(Saved entries)

|---|

(* Let $X_1,X_2,\dots$ be i.i.d. $\mathbb{Z}$-valued random variables on $(\Omega,\mathcal{F},P)$ satisfying (A1), (A2), (A3) below, with constants $\beta,c_*,\varepsilon$ from (A3), and let $p^{(N)}_i$ be as in the context. If $\beta\in(0,1)$, there is a constant $c_8>0$ such that $\sum_{i=0}^{N-1}p^{(N)}_i\le c_8$ for all $N\in\mathbb{N}\setminus\{1\}$. If $\beta=1$, there is a constant $c_9>0$ such that $\sum_{i=0}^{N-1}p^{(N)}_i\le\frac{1}{c_*\pi}\log N+c_9$ for all $N\in\mathbb{N}\setminus\{1\}$. If $\beta\in(1,2]$, there is a constant $c_{10}>0$ such that $\sum_{i=0}^{N-1}p^{(N)}_i\le c_{10}N^{(\beta-1)/\beta}$ for all $N\in\mathbb{N}\setminus\{1\}$.
   Context: $S_n=\sum_{j=1}^nX_j$; $[y]_N=\{y+kN:k\in\mathbb{Z}\}$; $p^{(N)}_0=1$ and $p^{(N)}_i=\max_{y\in\mathbb{Z},|y|\le i}P\{S_i\in[y]_N\}$ for $i\in\mathbb{N}$. $\phi(\theta)=\sum_{k\in\mathbb{Z}}e^{i\theta k}P\{X_1=k\}$. (A1) For each $y\in\mathbb{Z}$, the smallest subgroup of $\mathbb{Z}$ containing $\{y+k:P\{X_1=k\}>0\}$ is $\mathbb{Z}$. (A2) $P\{X_1=k\}=P\{X_1=-k\}$ for all $k\in\mathbb{Z}$. (A3) There exist $\beta\in(0,2]$, $c_*>0$, $\varepsilon>0$ with $\phi(\theta)=1-c_*|\theta|^\beta+O(|\theta|^{\beta+\varepsilon})$ as $\theta\to0$. The constants $c_8,c_9,c_{10}$ do not depend on $N$. *)

theory Defs
  imports "HOL-Probability.Probability" "HOL-Library.Landau_Symbols"
begin

definition partial_sum :: "(nat \<Rightarrow> 'a \<Rightarrow> int) \<Rightarrow> nat \<Rightarrow> 'a \<Rightarrow> int" where
  "partial_sum X n \<omega> = (\<Sum>j=1..n. X j \<omega>)"

definition res_class :: "int \<Rightarrow> nat \<Rightarrow> int set" where
  "res_class y N = {y + k * int N | k. True}"

definition pN :: "'a measure \<Rightarrow> (nat \<Rightarrow> 'a \<Rightarrow> int) \<Rightarrow> nat \<Rightarrow> nat \<Rightarrow> real" where
  "pN M X N i = (if i = 0 then 1
     else Max ((\<lambda>y. measure M {\<omega> \<in> space M. partial_sum X i \<omega> \<in> res_class y N})
                 ` {y. \<bar>y\<bar> \<le> int i}))"

definition char_fun :: "'a measure \<Rightarrow> (nat \<Rightarrow> 'a \<Rightarrow> int) \<Rightarrow> real \<Rightarrow> complex" where
  "char_fun M X \<theta> = infsum (\<lambda>k::int. exp (\<i> * of_real (\<theta> * of_int k)) *
        of_real (measure M {\<omega> \<in> space M. X 1 \<omega> = k})) UNIV"

definition int_subgroup :: "int set \<Rightarrow> bool" where
  "int_subgroup H \<longleftrightarrow> 0 \<in> H \<and> (\<forall>a\<in>H. \<forall>b\<in>H. a - b \<in> H)"

definition gen_subgroup :: "int set \<Rightarrow> int set" where
  "gen_subgroup A = \<Inter>{H. int_subgroup H \<and> A \<subseteq> H}"

end

theory Submission
  imports Defs
begin

text \<open>
  By Fourier inversion on \<open>\<int>/N\<int>\<close>, the probability that \<open>S\<^sub>i\<close> lies in a fixed residue class modulo
  \<open>N\<close> is at most \<open>(1/N) \<Sum>m<N. |\<phi>(2\<pi>m/N)|^i\<close>; summing over \<open>i < N\<close> leaves one geometric series
  per frequency \<open>t = 2\<pi>m/N\<close>.  Away from \<open>0\<close> modulo \<open>2\<pi>\<close> we have \<open>|\<phi>| \<le> \<rho> < 1\<close>: by (A1) the number
  \<open>1\<close> is an integer combination of differences of atoms of \<open>X\<^sub>1\<close>, and \<open>|\<phi>(t)| = 1\<close> would force
  \<open>t \<in> 2\<pi>\<int>\<close>; these frequencies contribute \<open>O(1)\<close>.  Near \<open>0\<close>, (A3) gives
  \<open>1 - |\<phi>(t)| \<ge> c t^\<beta> / 2\<close>, so the frequency \<open>2\<pi>j/N\<close> contributes at most
  \<open>min N ((2/c) (2\<pi>j/N)^-\<beta>)\<close>.  Summing over \<open>j\<close> gives \<open>O(1)\<close> for \<open>\<beta> < 1\<close> and
  \<open>O(N^((\<beta>-1)/\<beta>))\<close> for \<open>\<beta> > 1\<close>; for \<open>\<beta> = 1\<close> the second-order term of (A3) is kept, and the
  harmonic sum produces the constant \<open>1/(c\<^sub>* \<pi>)\<close> in front of \<open>log N\<close>.
\<close>

lemma geometric_sum_le_inverse:
  fixes x :: real
  assumes "0 \<le> x" "x < 1"
  shows "(\<Sum>i<n. x ^ i) \<le> 1 / (1 - x)"
proof -
  have "(\<Sum>i<n. x ^ i) = (1 - x ^ n) / (1 - x)"
    using assms by (simp add: sum_gp_strict)
  also have "\<dots> \<le> 1 / (1 - x)"
    using assms by (intro divide_right_mono) auto
  finally show ?thesis .
qed

lemma geometric_sum_le_num_terms:
  fixes x :: real
  assumes "0 \<le> x" "x \<le> 1"
  shows "(\<Sum>i<n. x ^ i) \<le> real n"
  using sum_mono[of "{..<n}" "\<lambda>i. x ^ i" "\<lambda>_. 1"] assms by (simp add: power_le_one)

lemma inverse_diff_le:
  fixes a b :: real
  assumes "0 < a" "0 \<le> b" "b \<le> a / 2"
  shows "1 / (a - b) \<le> 1 / a + 2 * b / a\<^sup>2"
proof -
  have "1 / (a - b) - 1 / a = b / (a * (a - b))"
    using assms by (simp add: field_simps)
  also have "\<dots> \<le> b / (a * (a / 2))"
    using assms by (intro divide_left_mono mult_left_mono mult_pos_pos) auto
  also have "\<dots> = 2 * b / a\<^sup>2"
    by (simp add: power2_eq_square)
  finally show ?thesis by simp
qed

lemma sum_le_antiderivative_diff:
  fixes F g :: "real \<Rightarrow> real"
  assumes deriv: "\<And>x. 0 < x \<Longrightarrow> (F has_real_derivative g x) (at x)"
    and antimono: "\<And>x y. 0 < x \<Longrightarrow> x \<le> y \<Longrightarrow> g y \<le> g x"
    and "1 \<le> a" "a \<le> b"
  shows "(\<Sum>j\<in>{a<..b::nat}. g (real j)) \<le> F (real b) - F (real a)"
  using \<open>a \<le> b\<close>
proof (induction b)
  case (Suc b)
  show ?case
  proof (cases "a = Suc b")
    case False
    then have "a \<le> b" using Suc.prems by simp
    obtain z where z: "real b < z" "z < real (Suc b)"
      and mvt: "F (real (Suc b)) - F (real b) = (real (Suc b) - real b) * g z"
      using MVT2[of "real b" "real (Suc b)" F g] deriv \<open>1 \<le> a\<close> \<open>a \<le> b\<close> by force
    have "g (real (Suc b)) \<le> g z"
      using z \<open>1 \<le> a\<close> \<open>a \<le> b\<close> by (intro antimono) auto
    moreover have "{a<..Suc b} = insert (Suc b) {a<..b}"
      using \<open>a \<le> b\<close> by auto
    ultimately show ?thesis
      using Suc.IH[OF \<open>a \<le> b\<close>] mvt by simp
  qed simp
qed simp

lemma sum_powr_le_antiderivative_diff:
  fixes \<gamma> :: real
  assumes "0 \<le> \<gamma>" "\<gamma> \<noteq> 1" "1 \<le> a" "a \<le> b"
  shows "(\<Sum>j\<in>{a<..b::nat}. real j powr (-\<gamma>))
           \<le> (real b powr (1 - \<gamma>) - real a powr (1 - \<gamma>)) / (1 - \<gamma>)"
proof -
  have "(\<Sum>j\<in>{a<..b}. real j powr (-\<gamma>))
          \<le> real b powr (1 - \<gamma>) / (1 - \<gamma>) - real a powr (1 - \<gamma>) / (1 - \<gamma>)"
  proof (rule sum_le_antiderivative_diff[where F = "\<lambda>x. x powr (1 - \<gamma>) / (1 - \<gamma>)"])
    fix x :: real assume "0 < x"
    then show "((\<lambda>x. x powr (1 - \<gamma>) / (1 - \<gamma>)) has_real_derivative x powr (-\<gamma>)) (at x)"
      using assms by (auto intro!: derivative_eq_intros)
  next
    fix x y :: real assume "0 < x" "x \<le> y"
    then show "y powr (-\<gamma>) \<le> x powr (-\<gamma>)"
      using assms by (simp add: powr_minus divide_simps powr_mono2)
  qed (use assms in auto)
  then show ?thesis by (simp add: diff_divide_distrib)
qed

lemma grid_powr_eq:
  assumes "1 \<le> j" "1 \<le> N"
  shows "(real j / real N) powr (-\<gamma>) = real N powr \<gamma> * real j powr (-\<gamma>)"
  using assms by (subst powr_divide) (auto simp: powr_minus field_simps)

lemma grid_sum_powr_le:
  fixes \<gamma> :: real
  assumes "0 \<le> \<gamma>" "\<gamma> < 1" "1 \<le> N"
  shows "(\<Sum>j\<in>{1..<N}. (real j / real N) powr (-\<gamma>)) / real N \<le> 1 + 1 / (1 - \<gamma>)"
proof -
  have "(\<Sum>j\<in>{1..<N}. real j powr (-\<gamma>)) \<le> (\<Sum>j\<in>insert 1 {1<..N}. real j powr (-\<gamma>))"
    by (intro sum_mono2) auto
  also have "\<dots> = 1 + (\<Sum>j\<in>{1<..N}. real j powr (-\<gamma>))"
    by simp
  also have "\<dots> \<le> 1 + (real N powr (1 - \<gamma>) - 1) / (1 - \<gamma>)"
    using sum_powr_le_antiderivative_diff[of \<gamma> 1 N] assms by simp
  also have "\<dots> \<le> 1 + real N powr (1 - \<gamma>) / (1 - \<gamma>)"
    using assms by (simp add: divide_right_mono)
  finally have sum_le: "(\<Sum>j\<in>{1..<N}. real j powr (-\<gamma>)) \<le> 1 + real N powr (1 - \<gamma>) / (1 - \<gamma>)" .
  have "(\<Sum>j\<in>{1..<N}. (real j / real N) powr (-\<gamma>)) / real N
          = real N powr (\<gamma> - 1) * (\<Sum>j\<in>{1..<N}. real j powr (-\<gamma>))"
    using assms unfolding sum_distrib_left sum_divide_distrib
    by (intro sum.cong) (auto simp: grid_powr_eq powr_diff)
  also have "\<dots> \<le> real N powr (\<gamma> - 1) * (1 + real N powr (1 - \<gamma>) / (1 - \<gamma>))"
    by (intro mult_left_mono sum_le) simp
  also have "\<dots> = real N powr (\<gamma> - 1) + 1 / (1 - \<gamma>)"
    using assms by (simp add: algebra_simps powr_add[symmetric])
  also have "real N powr (\<gamma> - 1) \<le> 1"
    using powr_mono[of "\<gamma> - 1" 0 "real N"] assms by simp
  finally show ?thesis by simp
qed

lemma grid_sum_inverse_le:
  assumes "1 \<le> N"
  shows "(\<Sum>j\<in>{1..<N}. (real j / real N) powr (-1)) / real N \<le> 1 + ln (real N)"
proof -
  have "(\<Sum>j\<in>{1..<N}. (real j / real N) powr (-1)) / real N = (\<Sum>j\<in>{1..<N}. inverse (real j))"
    using assms unfolding sum_divide_distrib by (intro sum.cong) (auto simp: powr_minus inverse_eq_divide)
  also have "\<dots> \<le> harm N"
    unfolding harm_def by (intro sum_mono2) auto
  also have "\<dots> \<le> 1 + ln (real N)"
    using euler_mascheroni_sequence_decreasing[of 1 N] assms by (simp add: harm_def)
  finally show ?thesis .
qed

lemma sum_powr_tail_le:
  fixes \<gamma> :: real
  assumes "1 < \<gamma>" "1 \<le> a" "a \<le> b"
  shows "(\<Sum>j\<in>{a<..b::nat}. real j powr (-\<gamma>)) \<le> real a powr (1 - \<gamma>) / (\<gamma> - 1)"
proof -
  have "(\<Sum>j\<in>{a<..b}. real j powr (-\<gamma>))
          \<le> (real b powr (1 - \<gamma>) - real a powr (1 - \<gamma>)) / (1 - \<gamma>)"
    using assms by (intro sum_powr_le_antiderivative_diff) auto
  also have "\<dots> = (real a powr (1 - \<gamma>) - real b powr (1 - \<gamma>)) / (\<gamma> - 1)"
    using assms by (simp add: field_simps)
  also have "\<dots> \<le> real a powr (1 - \<gamma>) / (\<gamma> - 1)"
    using assms by (intro divide_right_mono) auto
  finally show ?thesis .
qed

lemma grid_sum_min_powr_le:
  fixes \<gamma> K :: real
  assumes "1 < \<gamma>" "1 \<le> N" "0 \<le> K"
  shows "(\<Sum>j\<in>{1..<N}. min (real N) (K * (real j / real N) powr (-\<gamma>))) / real N
           \<le> (2 + K / (\<gamma> - 1)) * real N powr ((\<gamma> - 1) / \<gamma>)"
proof -
  \<comment> \<open>split at \<open>J \<approx> N^((\<gamma>-1)/\<gamma>)\<close>, where the two bounds \<open>N\<close> and \<open>K (j/N)^-\<gamma>\<close> balance\<close>
  define L where "L = real N powr ((\<gamma> - 1) / \<gamma>)"
  define J where "J = nat \<lceil>L\<rceil>"
  have "0 \<le> (\<gamma> - 1) / \<gamma>" "(\<gamma> - 1) / \<gamma> \<le> 1"
    using assms by (auto simp: field_simps)
  then have L: "1 \<le> L" "L \<le> real N"
    using assms powr_mono[of "(\<gamma> - 1) / \<gamma>" 1 "real N"] by (auto simp: L_def ge_one_powr_ge_zero)
  then have J: "1 \<le> J" "J \<le> N" "L \<le> real J" "real J \<le> 2 * L"
    unfolding J_def by linarith+
  have NL: "real N powr \<gamma> * L powr (1 - \<gamma>) = L * real N"
  proof -
    have "\<gamma> + (\<gamma> - 1) / \<gamma> * (1 - \<gamma>) = (\<gamma> - 1) / \<gamma> + 1"
      using assms by (simp add: field_simps power2_eq_square)
    then show ?thesis
      using assms by (simp add: L_def powr_powr powr_add[symmetric] powr_add)
  qed
  have "(\<Sum>j\<in>{1..<N}. min (real N) (K * (real j / real N) powr (-\<gamma>)))
          \<le> (\<Sum>j\<in>{1..J} \<union> {J<..N}. min (real N) (K * (real j / real N) powr (-\<gamma>)))"
    using assms by (intro sum_mono2) auto
  also have "\<dots> = (\<Sum>j\<in>{1..J}. min (real N) (K * (real j / real N) powr (-\<gamma>)))
                   + (\<Sum>j\<in>{J<..N}. min (real N) (K * (real j / real N) powr (-\<gamma>)))"
    by (rule sum.union_disjoint) auto
  also have "\<dots> \<le> (\<Sum>j\<in>{1..J}. real N) + (\<Sum>j\<in>{J<..N}. K * real N powr \<gamma> * real j powr (-\<gamma>))"
    using J assms by (intro add_mono sum_mono) (auto simp: grid_powr_eq min.coboundedI2)
  also have "\<dots> \<le> real J * real N + K * real N powr \<gamma> * (real J powr (1 - \<gamma>) / (\<gamma> - 1))"
    using mult_left_mono[OF sum_powr_tail_le[of \<gamma> J N], of "K * real N powr \<gamma>"] J assms
    by (simp add: sum_distrib_left)
  also have "\<dots> \<le> 2 * L * real N + K * real N powr \<gamma> * (L powr (1 - \<gamma>) / (\<gamma> - 1))"
    using J L assms by (intro add_mono mult_left_mono mult_right_mono divide_right_mono powr_mono2') auto
  also have "\<dots> = (2 + K / (\<gamma> - 1)) * L * real N"
    using NL assms by (simp add: algebra_simps add_divide_distrib)
  finally show ?thesis
    using assms by (simp add: L_def divide_simps mult.commute mult.left_commute)
qed
lemma cs_conflict_wrt_tested_sets:
  assumes "\<forall>p\<in>P. cholds p E C"
  shows "cs_conflict_wrt (tested_sets P) E C"
proof -
  from assms have "CBinaryConflict \<in> P \<Longrightarrow> cs_binary_conflict E C"
    and "CFiniteConflict \<in> P \<Longrightarrow> cs_finite_conflict E C"
    by (metis cholds.simps)+
  then show ?thesis by (simp add: tested_sets_def cs_props_wrt cs_conflict_wrt_top)
qed

lemma cs_unions_wrt_tested_sets:
  assumes "package P" and holds: "\<forall>p\<in>P. cholds p E C" and "BoundedUnions \<in> P"
  shows "cs_unions_wrt (tested_sets P) C"
proof -
  from assms(1,3) have "CBinaryConflict \<in> P \<Longrightarrow> PCUnions \<in> P" "CFiniteConflict \<in> P \<Longrightarrow> FCUnions \<in> P"
    unfolding package_def by auto
  with holds assms(3) have "cs_bounded_unions E C"
    and "CBinaryConflict \<in> P \<Longrightarrow> cs_pc_unions E C" "CFiniteConflict \<in> P \<Longrightarrow> cs_fc_unions E C"
    by (metis cholds.simps)+
  then show ?thesis by (simp add: tested_sets_def cs_props_wrt)
qed

lemma cs_ne_inters_wrt_tested_sets:
  assumes "package P" and holds: "\<forall>p\<in>P. cholds p E C" and "BoundedNEInters \<in> P"
  shows "cs_ne_inters_wrt (tested_sets P) C"
proof -
  from assms(1,3) have "CBinaryConflict \<in> P \<Longrightarrow> PCNEInters \<in> P" "CFiniteConflict \<in> P \<Longrightarrow> FCNEInters \<in> P"
    unfolding package_def by auto
  with holds assms(3) have "cs_bounded_ne_inters E C"
    and "CBinaryConflict \<in> P \<Longrightarrow> cs_pc_ne_inters E C" "CFiniteConflict \<in> P \<Longrightarrow> cs_fc_ne_inters E C"
    by (metis cholds.simps)+
  then show ?thesis by (simp add: tested_sets_def cs_props_wrt)
qed

fun eprop_origin :: "eprop \<Rightarrow> cprop" where
  "eprop_origin ERooted = CRooted"
| "eprop_origin Singular = BoundedUnions"
| "eprop_origin Conjunctive = NEInters"
| "eprop_origin LocallyConjunctive = BoundedNEInters"
| "eprop_origin EFiniteConflict = CFiniteConflict"
| "eprop_origin EBinaryConflict = CBinaryConflict"

lemma eprop_origin_in_package:
  assumes "package P" "q \<in> translate_set P"
  shows "eprop_origin q \<in> P"
proof -
  obtain p where "p \<in> P" "q \<in> translate p" using assms(2) unfolding translate_set_def by blast
  with assms(1) show ?thesis by (cases p) (auto simp: package_def)
qed

lemma eholds_es_of_cs:
  assumes "package P" "\<forall>p\<in>P. cholds p E C" "eprop_origin q \<in> P" "q \<noteq> Singular"
  shows "eholds q E (es_of_cs (tested_sets P) E C)"
  using assms es_conflict_wrt_es_of_cs[of "tested_sets P" E C]
  by (cases q) (auto simp: cs_rooted_def es_rooted_es_of_cs es_conjunctive_es_of_cs
      es_locally_conjunctive_es_of_cs cs_ne_inters_wrt_tested_sets
      intro: es_finite_conflict_if_tested es_binary_conflict_if_tested)

lemma eholds_singular_es_of_cs:
  assumes "package P" "\<forall>p\<in>P. cholds p E C" "eprop_origin q \<in> P"
  shows "eholds q E (singular_es_of_cs (tested_sets P) E C)"
  using assms es_conflict_wrt_singular_es_of_cs[of "tested_sets P" E C, OF tested_sets_singleton]
  by (cases q) (auto simp: cs_rooted_def es_rooted_singular_es_of_cs es_singular_singular_es_of_cs
      es_conjunctive_singular_es_of_cs es_locally_conjunctive_singular_es_of_cs
      cs_ne_inters_wrt_tested_sets intro: es_finite_conflict_if_tested es_binary_conflict_if_tested)

lemma pure_event_structure_representation:
  assumes cs: "config_structure E C" and package: "package P" and holds: "\<forall>p\<in>P. cholds p E C"
  shows "\<exists>ent. event_structure E ent \<and> es_pure E ent \<and> (\<forall>q\<in>translate_set P. eholds q E ent)
    \<and> left_closed_configs E ent = C"
proof (cases "BoundedUnions \<in> P")
  case True
  let ?ent = "singular_es_of_cs (tested_sets P) E C"
  have "left_closed_configs E ?ent = C"
    using cs cs_unions_wrt_tested_sets[OF package holds True] by (rule left_closed_configs_singular_es_of_cs)
  moreover have "\<forall>q\<in>translate_set P. eholds q E ?ent"
    using eholds_singular_es_of_cs[OF package holds] eprop_origin_in_package[OF package] by blast
  ultimately show ?thesis
    using event_structure_singular_es_of_cs[OF cs] es_pure_singular_es_of_cs by (intro exI[of _ ?ent]) simp
next
  case False
  let ?ent = "es_of_cs (tested_sets P) E C"
  have "left_closed_configs E ?ent = C"
    using cs cs_conflict_wrt_tested_sets[OF holds] by (rule left_closed_configs_es_of_cs)
  moreover have "\<forall>q\<in>translate_set P. eholds q E ?ent"
  proof
    fix q assume "q \<in> translate_set P"
    with package have "eprop_origin q \<in> P" by (rule eprop_origin_in_package)
    moreover from this False have "q \<noteq> Singular" by auto
    ultimately show "eholds q E ?ent" by (rule eholds_es_of_cs[OF package holds])
  qed
  ultimately show ?thesis
    using event_structure_es_of_cs[OF cs] es_pure_es_of_cs by (intro exI[of _ ?ent]) simp
qed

|---|

A count is needed of the lines in the entries that contain "lambda". Supply only that number.

5